→ WHAT IS EXPECTED
Search the data for the word "moreover" and copy each line that has it.

→ GIVEN INFORMATION
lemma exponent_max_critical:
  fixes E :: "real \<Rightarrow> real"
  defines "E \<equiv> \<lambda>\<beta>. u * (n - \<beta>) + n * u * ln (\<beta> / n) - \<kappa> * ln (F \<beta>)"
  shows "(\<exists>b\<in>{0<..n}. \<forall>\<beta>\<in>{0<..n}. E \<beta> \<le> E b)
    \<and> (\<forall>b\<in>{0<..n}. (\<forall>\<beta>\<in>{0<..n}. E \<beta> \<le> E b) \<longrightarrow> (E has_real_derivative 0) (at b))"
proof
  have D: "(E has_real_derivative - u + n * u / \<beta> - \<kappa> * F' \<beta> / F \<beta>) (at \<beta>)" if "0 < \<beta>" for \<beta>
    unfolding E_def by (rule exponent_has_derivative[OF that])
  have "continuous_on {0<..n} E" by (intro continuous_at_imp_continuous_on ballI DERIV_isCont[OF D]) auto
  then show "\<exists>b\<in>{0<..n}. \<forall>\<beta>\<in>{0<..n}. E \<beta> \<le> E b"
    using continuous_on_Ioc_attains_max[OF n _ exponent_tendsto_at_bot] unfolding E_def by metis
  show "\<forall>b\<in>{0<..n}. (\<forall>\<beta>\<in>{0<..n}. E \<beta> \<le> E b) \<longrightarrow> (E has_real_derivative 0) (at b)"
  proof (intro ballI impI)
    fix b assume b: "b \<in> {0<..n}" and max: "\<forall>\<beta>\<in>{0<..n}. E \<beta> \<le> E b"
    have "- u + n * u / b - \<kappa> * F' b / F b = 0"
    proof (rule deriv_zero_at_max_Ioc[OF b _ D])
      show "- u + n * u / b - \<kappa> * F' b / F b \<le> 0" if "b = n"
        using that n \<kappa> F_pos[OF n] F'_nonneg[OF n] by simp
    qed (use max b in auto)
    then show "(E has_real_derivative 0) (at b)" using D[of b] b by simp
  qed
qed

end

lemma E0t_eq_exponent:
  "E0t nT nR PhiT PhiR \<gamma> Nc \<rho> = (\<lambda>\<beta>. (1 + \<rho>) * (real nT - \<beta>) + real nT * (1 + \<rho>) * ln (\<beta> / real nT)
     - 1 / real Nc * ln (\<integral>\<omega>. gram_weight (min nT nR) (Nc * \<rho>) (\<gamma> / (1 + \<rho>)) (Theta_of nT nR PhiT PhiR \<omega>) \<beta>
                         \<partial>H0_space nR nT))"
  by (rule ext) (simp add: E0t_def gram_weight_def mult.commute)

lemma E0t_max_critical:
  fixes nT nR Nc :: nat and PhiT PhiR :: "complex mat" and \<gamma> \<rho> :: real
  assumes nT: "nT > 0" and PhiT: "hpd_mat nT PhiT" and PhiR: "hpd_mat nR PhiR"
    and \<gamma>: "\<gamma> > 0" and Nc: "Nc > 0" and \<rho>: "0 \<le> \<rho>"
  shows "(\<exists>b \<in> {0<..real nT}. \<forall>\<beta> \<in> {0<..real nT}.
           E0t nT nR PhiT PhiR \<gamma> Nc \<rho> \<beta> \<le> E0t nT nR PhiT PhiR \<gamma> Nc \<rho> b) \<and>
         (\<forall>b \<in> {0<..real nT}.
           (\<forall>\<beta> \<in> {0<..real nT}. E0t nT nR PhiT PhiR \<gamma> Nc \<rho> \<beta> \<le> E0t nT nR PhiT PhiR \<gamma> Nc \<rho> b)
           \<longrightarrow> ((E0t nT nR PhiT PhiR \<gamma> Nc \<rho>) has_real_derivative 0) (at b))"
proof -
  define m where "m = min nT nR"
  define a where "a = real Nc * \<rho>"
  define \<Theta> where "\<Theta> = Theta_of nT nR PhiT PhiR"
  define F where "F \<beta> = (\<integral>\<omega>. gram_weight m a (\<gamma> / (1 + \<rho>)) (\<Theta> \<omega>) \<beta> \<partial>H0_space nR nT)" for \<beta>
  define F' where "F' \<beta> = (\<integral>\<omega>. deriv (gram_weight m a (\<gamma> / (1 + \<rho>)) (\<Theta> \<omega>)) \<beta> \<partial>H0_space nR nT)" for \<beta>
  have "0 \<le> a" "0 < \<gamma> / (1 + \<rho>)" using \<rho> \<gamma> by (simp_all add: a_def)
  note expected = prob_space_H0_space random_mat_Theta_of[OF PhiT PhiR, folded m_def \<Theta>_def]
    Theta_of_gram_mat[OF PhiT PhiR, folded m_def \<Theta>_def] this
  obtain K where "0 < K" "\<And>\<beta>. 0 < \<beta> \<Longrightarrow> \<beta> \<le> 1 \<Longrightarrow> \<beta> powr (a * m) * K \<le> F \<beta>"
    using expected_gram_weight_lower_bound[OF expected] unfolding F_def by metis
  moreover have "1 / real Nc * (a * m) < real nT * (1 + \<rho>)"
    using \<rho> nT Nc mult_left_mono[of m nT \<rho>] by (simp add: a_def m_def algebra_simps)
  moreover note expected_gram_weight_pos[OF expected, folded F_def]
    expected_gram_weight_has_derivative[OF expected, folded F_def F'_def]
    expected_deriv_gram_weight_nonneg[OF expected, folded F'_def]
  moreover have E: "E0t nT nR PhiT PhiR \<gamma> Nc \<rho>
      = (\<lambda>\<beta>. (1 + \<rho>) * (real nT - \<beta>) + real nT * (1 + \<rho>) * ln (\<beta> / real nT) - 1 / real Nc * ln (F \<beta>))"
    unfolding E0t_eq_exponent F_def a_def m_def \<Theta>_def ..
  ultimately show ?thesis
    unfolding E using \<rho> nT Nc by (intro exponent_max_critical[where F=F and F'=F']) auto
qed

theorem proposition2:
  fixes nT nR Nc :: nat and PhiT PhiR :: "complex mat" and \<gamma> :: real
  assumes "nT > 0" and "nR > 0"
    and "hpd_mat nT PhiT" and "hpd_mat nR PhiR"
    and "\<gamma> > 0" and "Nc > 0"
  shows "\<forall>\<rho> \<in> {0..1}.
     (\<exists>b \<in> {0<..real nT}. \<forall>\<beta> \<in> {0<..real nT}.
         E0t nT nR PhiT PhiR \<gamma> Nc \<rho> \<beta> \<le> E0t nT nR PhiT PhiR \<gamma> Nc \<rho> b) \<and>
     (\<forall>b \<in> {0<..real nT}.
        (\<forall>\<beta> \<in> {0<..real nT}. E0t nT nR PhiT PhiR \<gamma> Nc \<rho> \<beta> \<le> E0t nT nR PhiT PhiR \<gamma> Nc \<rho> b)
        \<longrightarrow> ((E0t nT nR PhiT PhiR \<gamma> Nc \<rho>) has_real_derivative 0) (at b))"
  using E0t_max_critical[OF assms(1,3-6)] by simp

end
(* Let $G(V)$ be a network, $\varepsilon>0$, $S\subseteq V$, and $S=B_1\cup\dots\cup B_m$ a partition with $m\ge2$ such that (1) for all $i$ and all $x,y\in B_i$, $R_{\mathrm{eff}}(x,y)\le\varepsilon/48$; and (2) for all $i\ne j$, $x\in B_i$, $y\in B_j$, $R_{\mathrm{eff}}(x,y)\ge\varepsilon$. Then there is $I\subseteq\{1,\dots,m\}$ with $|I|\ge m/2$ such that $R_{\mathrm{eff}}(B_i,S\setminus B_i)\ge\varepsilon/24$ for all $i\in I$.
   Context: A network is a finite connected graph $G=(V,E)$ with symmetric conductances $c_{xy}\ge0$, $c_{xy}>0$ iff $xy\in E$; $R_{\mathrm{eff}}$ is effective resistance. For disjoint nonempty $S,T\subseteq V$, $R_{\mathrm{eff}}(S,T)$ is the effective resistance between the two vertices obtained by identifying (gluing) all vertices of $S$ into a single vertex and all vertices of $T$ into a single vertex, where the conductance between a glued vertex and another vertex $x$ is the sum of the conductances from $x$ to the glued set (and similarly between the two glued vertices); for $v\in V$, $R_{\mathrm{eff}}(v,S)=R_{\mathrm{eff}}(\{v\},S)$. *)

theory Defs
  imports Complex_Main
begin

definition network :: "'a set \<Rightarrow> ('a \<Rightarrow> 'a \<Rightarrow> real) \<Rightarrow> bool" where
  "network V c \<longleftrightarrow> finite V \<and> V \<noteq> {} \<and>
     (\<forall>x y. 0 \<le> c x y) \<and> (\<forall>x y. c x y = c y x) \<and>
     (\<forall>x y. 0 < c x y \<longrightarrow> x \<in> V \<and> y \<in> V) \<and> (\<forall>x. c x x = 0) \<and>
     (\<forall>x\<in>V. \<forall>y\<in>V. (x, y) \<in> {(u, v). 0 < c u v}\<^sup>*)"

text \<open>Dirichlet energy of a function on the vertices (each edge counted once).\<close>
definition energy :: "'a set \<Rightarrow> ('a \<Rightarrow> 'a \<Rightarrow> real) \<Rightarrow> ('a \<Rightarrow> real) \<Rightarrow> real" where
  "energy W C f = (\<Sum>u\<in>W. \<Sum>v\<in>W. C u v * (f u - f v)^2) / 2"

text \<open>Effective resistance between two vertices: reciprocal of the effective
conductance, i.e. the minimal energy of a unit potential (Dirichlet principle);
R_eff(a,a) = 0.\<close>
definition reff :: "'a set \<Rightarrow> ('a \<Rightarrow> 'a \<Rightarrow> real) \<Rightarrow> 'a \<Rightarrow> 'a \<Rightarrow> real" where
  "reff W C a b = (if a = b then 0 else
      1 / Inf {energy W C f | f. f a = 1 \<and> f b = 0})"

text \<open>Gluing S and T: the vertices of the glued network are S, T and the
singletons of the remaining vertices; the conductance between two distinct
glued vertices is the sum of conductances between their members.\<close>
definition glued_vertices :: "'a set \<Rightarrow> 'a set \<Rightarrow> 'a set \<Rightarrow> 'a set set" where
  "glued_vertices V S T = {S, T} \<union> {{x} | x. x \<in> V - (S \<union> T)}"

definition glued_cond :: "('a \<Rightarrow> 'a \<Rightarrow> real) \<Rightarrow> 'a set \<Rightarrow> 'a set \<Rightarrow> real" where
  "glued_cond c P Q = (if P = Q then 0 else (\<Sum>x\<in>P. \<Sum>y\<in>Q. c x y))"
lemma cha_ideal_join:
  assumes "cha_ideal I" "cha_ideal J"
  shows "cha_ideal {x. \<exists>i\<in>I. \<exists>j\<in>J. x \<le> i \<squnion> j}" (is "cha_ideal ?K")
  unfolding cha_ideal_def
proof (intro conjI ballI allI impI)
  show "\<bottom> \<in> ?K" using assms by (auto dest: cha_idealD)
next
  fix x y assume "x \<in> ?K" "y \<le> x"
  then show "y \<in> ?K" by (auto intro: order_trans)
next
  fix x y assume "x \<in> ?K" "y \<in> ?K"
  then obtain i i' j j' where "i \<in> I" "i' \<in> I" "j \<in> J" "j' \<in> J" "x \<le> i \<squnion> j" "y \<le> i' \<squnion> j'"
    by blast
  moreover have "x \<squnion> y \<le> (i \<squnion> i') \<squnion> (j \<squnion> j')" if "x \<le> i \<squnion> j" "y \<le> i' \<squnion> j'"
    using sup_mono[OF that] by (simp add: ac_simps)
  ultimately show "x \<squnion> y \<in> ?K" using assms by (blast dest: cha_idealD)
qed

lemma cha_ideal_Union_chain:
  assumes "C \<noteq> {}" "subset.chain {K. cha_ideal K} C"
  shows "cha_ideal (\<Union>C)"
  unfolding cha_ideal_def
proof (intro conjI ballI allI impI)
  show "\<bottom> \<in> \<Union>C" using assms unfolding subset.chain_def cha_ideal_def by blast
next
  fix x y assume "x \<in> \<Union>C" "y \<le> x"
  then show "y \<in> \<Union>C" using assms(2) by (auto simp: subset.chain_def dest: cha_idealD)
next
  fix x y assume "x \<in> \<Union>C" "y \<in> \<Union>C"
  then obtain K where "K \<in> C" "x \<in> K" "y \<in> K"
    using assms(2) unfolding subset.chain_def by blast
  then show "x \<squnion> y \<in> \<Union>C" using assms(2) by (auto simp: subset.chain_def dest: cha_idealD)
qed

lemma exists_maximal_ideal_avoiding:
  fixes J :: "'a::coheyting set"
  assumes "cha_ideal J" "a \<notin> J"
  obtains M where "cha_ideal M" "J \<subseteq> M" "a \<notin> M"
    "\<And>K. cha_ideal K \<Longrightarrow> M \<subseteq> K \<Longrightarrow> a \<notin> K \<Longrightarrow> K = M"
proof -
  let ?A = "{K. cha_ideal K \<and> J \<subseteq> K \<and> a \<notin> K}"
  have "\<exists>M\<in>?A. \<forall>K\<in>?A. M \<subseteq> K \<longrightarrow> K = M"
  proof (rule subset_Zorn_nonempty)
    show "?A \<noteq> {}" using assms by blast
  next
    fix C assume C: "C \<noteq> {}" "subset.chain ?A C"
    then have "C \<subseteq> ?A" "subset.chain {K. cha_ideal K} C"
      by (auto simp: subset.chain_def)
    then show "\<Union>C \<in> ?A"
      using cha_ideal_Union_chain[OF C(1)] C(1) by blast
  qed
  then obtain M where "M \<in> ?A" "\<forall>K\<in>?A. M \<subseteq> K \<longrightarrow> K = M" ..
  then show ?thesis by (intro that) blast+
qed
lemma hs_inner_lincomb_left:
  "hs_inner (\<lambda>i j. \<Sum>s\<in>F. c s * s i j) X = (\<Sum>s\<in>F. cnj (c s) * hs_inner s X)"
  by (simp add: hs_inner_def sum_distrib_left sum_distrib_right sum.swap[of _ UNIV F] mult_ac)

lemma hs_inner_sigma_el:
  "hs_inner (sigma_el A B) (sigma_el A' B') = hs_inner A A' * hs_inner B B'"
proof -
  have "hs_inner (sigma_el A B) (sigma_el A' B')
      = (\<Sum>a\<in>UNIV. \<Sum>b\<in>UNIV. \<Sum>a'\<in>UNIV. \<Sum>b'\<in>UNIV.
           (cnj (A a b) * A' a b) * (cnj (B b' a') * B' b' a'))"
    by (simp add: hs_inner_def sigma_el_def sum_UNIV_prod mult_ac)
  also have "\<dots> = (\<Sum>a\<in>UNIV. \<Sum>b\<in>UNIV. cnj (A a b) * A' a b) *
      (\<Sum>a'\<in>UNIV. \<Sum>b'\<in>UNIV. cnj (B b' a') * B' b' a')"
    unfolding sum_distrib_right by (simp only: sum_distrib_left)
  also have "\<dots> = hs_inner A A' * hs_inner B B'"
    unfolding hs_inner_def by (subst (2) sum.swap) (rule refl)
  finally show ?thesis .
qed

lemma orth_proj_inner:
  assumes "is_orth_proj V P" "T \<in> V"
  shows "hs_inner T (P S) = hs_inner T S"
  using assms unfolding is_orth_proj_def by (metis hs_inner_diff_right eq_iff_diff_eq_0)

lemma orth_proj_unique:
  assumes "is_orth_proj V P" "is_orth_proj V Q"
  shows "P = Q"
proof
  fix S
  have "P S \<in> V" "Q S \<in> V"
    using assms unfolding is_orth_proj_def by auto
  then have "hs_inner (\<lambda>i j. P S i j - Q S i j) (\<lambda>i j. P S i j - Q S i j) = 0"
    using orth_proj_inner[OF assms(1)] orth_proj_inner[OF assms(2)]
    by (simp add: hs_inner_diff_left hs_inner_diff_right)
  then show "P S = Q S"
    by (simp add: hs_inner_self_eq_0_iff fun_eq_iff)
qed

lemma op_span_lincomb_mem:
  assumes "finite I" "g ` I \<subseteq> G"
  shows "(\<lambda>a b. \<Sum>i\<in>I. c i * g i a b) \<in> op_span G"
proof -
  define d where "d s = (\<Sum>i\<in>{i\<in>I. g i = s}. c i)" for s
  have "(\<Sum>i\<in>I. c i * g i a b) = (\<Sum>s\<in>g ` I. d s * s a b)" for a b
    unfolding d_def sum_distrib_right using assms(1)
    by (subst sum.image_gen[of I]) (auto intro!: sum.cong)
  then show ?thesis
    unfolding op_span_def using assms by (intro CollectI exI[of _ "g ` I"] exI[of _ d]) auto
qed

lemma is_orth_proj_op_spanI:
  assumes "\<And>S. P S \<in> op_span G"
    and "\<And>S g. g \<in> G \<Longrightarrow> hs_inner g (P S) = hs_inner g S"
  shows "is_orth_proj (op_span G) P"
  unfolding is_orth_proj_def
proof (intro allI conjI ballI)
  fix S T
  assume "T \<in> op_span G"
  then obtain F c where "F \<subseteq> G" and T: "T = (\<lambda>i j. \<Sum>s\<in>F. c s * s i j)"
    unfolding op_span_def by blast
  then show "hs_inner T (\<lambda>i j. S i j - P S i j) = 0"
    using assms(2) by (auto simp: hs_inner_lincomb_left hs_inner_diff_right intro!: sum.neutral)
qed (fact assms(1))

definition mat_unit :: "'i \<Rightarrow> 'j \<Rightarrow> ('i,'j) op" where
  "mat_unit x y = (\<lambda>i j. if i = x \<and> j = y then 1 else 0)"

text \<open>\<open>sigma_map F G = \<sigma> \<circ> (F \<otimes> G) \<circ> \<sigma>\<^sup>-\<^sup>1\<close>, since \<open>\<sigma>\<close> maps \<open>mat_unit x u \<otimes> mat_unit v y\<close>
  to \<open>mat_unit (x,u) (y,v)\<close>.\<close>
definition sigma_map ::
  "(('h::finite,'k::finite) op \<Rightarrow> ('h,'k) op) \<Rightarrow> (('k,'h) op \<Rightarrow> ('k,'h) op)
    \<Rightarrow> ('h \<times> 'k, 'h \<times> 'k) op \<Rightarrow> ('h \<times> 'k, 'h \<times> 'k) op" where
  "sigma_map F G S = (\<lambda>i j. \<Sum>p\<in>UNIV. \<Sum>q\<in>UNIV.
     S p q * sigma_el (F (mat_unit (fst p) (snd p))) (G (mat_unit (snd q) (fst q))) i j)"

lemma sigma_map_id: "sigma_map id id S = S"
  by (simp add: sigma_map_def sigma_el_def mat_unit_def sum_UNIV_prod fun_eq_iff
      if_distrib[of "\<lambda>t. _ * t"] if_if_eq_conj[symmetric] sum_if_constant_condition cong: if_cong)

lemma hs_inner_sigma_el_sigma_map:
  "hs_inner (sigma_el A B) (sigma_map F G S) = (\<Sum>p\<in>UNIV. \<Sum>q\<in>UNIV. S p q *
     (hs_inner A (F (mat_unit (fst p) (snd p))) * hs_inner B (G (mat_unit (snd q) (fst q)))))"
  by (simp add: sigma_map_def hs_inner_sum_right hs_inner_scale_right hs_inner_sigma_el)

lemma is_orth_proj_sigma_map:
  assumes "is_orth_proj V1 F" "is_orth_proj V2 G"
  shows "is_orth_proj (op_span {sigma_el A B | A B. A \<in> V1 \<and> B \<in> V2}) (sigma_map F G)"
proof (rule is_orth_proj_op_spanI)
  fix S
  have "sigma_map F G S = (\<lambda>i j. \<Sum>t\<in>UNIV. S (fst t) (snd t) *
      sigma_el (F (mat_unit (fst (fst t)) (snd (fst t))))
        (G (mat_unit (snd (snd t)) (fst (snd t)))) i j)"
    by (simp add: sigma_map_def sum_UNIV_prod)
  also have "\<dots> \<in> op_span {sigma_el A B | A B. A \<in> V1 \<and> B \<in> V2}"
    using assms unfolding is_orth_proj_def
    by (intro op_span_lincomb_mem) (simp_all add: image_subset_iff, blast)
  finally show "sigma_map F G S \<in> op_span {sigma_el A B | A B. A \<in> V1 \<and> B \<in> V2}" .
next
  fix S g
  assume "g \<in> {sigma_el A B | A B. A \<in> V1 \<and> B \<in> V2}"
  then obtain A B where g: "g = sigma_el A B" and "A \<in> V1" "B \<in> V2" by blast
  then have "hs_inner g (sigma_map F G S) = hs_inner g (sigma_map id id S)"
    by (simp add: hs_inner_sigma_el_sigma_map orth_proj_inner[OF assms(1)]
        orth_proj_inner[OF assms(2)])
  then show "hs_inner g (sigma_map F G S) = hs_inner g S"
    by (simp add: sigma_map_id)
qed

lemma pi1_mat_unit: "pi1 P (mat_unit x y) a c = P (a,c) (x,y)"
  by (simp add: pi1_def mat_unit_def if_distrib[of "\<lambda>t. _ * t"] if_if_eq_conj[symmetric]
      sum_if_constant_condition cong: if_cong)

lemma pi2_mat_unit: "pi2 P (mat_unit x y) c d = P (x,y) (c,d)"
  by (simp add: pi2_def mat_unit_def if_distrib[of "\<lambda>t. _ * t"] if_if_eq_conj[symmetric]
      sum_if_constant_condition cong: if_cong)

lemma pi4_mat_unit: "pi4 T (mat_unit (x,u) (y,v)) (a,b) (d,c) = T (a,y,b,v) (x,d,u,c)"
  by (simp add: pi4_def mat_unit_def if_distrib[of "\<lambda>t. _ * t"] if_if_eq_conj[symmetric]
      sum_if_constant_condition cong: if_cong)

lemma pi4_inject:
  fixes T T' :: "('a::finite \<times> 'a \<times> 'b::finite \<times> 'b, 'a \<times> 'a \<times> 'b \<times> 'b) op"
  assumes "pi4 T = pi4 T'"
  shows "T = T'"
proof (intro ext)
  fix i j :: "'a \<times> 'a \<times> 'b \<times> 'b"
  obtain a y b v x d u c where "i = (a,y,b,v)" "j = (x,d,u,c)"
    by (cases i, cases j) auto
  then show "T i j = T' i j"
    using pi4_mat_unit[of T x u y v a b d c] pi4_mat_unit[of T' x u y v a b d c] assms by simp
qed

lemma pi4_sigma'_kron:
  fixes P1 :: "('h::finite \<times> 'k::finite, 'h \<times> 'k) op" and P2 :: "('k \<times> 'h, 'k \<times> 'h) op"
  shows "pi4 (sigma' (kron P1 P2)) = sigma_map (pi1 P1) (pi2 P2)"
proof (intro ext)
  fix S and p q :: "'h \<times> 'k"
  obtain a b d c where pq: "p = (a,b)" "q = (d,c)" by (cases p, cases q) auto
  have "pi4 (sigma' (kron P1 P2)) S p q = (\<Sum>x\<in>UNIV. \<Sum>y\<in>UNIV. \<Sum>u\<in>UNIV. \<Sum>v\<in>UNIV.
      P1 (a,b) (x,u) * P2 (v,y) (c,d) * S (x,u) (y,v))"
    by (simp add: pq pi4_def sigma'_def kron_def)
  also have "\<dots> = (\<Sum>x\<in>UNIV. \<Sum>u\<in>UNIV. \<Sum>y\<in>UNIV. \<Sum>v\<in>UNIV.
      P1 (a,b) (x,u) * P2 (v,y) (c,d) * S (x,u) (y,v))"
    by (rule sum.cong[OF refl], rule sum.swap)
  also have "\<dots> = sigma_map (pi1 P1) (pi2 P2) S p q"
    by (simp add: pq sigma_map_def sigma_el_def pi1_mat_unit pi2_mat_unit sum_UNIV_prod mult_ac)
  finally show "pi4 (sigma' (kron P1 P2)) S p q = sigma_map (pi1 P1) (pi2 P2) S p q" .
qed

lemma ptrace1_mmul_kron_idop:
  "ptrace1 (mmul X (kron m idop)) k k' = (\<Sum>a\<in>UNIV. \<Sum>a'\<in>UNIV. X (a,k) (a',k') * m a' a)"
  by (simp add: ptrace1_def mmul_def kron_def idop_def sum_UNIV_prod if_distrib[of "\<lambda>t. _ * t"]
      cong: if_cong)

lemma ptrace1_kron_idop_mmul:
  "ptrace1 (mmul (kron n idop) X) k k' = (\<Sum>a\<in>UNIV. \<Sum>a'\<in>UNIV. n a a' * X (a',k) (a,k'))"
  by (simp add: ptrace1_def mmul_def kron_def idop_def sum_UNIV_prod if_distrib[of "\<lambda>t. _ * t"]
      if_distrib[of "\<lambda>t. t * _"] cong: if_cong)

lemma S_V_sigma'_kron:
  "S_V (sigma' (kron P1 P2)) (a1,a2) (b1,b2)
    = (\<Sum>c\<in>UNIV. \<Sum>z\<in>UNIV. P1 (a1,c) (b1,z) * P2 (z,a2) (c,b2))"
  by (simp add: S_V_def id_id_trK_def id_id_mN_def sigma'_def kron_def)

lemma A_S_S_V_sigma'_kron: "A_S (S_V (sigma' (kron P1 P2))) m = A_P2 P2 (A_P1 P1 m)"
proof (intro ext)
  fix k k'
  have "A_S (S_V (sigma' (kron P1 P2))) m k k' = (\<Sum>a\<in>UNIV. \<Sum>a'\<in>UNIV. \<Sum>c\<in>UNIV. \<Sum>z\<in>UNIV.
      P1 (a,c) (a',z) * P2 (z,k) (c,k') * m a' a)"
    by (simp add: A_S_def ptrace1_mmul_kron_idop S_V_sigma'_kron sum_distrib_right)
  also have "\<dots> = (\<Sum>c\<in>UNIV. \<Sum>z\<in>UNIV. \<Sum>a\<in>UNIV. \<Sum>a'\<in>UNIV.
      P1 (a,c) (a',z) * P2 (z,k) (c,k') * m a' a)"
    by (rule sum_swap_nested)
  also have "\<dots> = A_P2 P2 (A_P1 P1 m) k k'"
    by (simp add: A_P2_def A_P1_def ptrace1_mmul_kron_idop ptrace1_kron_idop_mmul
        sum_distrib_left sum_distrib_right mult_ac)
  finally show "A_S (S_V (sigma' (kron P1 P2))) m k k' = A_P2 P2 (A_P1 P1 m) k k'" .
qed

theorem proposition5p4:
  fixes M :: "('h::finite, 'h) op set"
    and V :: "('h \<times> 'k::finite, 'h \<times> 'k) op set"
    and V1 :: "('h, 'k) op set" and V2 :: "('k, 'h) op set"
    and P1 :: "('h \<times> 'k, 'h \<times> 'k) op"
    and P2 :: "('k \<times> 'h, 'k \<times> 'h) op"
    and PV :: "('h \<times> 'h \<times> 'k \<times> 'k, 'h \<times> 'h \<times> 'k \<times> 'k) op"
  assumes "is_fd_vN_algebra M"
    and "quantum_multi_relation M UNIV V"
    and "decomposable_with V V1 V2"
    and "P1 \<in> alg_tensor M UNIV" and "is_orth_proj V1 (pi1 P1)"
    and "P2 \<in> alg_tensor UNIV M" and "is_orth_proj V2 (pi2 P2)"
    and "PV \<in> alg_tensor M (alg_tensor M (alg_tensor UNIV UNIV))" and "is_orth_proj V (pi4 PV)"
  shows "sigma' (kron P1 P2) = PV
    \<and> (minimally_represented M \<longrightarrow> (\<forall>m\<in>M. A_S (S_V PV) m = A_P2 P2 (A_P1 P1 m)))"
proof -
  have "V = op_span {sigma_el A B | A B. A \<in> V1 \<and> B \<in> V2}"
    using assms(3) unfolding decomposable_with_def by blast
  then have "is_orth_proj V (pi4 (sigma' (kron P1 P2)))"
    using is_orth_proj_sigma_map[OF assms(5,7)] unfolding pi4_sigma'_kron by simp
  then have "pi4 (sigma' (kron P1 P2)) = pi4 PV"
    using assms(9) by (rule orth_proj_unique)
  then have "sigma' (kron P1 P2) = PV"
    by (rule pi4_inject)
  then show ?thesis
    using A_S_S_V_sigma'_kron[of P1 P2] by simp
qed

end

→ EXERCISE RESPONSE
  moreover have "1 / real Nc * (a * m) < real nT * (1 + \<rho>)"
  moreover note expected_gram_weight_pos[OF expected, folded F_def]
  moreover have E: "E0t nT nR PhiT PhiR \<gamma> Nc \<rho>
  moreover have "x \<squnion> y \<le> (i \<squnion> i') \<squnion> (j \<squnion> j')" if "x \<le> i \<squnion> j" "y \<le> i' \<squnion> j'"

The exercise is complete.